Un omaggio agli amici melomani

Il contrasto fra la quiete degli spettatori e l’attività rumorosa dell’organizzazione cui sottostanno è ancora più evidente nei concerti. In tali casi ciò che conta più di tutto è l’assenza di ogni disturbo. Ogni movimento è escluso, ogni rumore biasimato. Mentre la musica, che viene eseguita, vive per buona parte del proprio ritmo, non si deve avvertire nulla del suo effetto ritmico sugli uditori. Le reazioni affettive suscitate dalla musica in uno scambio continuo, sono del tipo più vario e intenso. Si esclude che esse non vengano percepite dalla maggior parte dei presenti, e si esclude che non vengano percepite simultaneamente da tutti. Vengono però a mancare tutte le reazioni esterne. Gli uomini rimangono seduti immobili, come se riuscissero a non sentire nulla. Evidentemente, in tal caso, è stata necessaria una lunga educazione artistica alla staticità, educazione i cui risultati ci sono divenuti abituali. Osservando con spregiudicatezza, nella nostra vita culturale ci sono pochi eventi così stupefacenti come il pubblico dei concerti. Gli uomini che subiscono la musica in modo naturale, si comportano ben diversamente; e coloro che non avessero mai udito musica, potrebbero cadere nell’eccitazione più sfrenata quando la sperimentassero per la prima volta. Quando i marinai che sbarcavano eseguivano la Marsigliese davanti agli indigeni della Tasmania, questi ultimi esprimevano la loro soddisfazione con strane contorsioni e gesti stupefacenti, in modo da costringere i marinai a torcersi dalle risa. Un giovane particolarmente entusiasmato si strappò i capelli, si grattò la testa con ambe le mani e lanciò ripetutamente alte grida.
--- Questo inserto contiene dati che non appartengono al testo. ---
lemma homotopic_paths_reversepath_polyline:
  assumes "path_image (polyline b vs) \<subseteq> S"
  shows "homotopic_paths S (reversepath (polyline b vs))
           (polyline (b + sum_list vs) (rev (map uminus vs)))"
  using assms
proof (induction vs arbitrary: b)
  case Nil
  then show ?case by (simp add: path_const reversepath_def)
next
  case (Cons v vs)
  let ?c = "b + v" and ?e = "b + v + sum_list vs"
  have S: "closed_segment b ?c \<subseteq> S" "path_image (polyline ?c vs) \<subseteq> S"
    using Cons.prems by (auto simp: path_image_join)
  have IH: "homotopic_paths S (reversepath (polyline ?c vs)) (polyline ?e (rev (map uminus vs)))"
    using Cons.IH[OF S(2)] .
  have "homotopic_paths S (reversepath (polyline ?c vs) +++ linepath ?c b)
      (polyline ?e (rev (map uminus vs)) +++ polyline ?c [- v])"
  proof (rule homotopic_paths_join[OF IH])
    show "homotopic_paths S (linepath ?c b) (polyline ?c [- v])"
      using S homotopic_paths_rid[of "linepath ?c b" S]
      by (simp add: homotopic_paths_sym closed_segment_commute)
  qed (simp add: sum_list_rev)
  also have "homotopic_paths S \<dots> (polyline ?e (rev (map uminus vs) @ [- v]))"
  proof -
    have img: "path_image (polyline ?e (rev (map uminus vs) @ [- v])) \<subseteq> S"
      using homotopic_paths_imp_subset[OF IH] S
      by (auto simp: path_image_polyline_append path_image_join sum_list_rev sum_list_map_uminus closed_segment_commute)
    show ?thesis
      using homotopic_paths_sym[OF homotopic_paths_polyline_append[OF img]]
      by (simp add: sum_list_rev sum_list_map_uminus)
  qed
  finally show ?case by (simp add: reversepath_joinpaths add.assoc)
qed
Un misero resto di scarica fisica è sopravvissuto anche nei nostri concerti. L’applauso è offerto come ringraziamento agli esecutori: un rumore breve e caotico in cambio di uno lungo e ben organizzato. Se l’applauso manca del tutto ci si allontana quietamente così come si stava seduti; tanto si è già immersi nella sfera del raccoglimento religioso.
Da quella sfera deriva originariamente la quiete del concerto.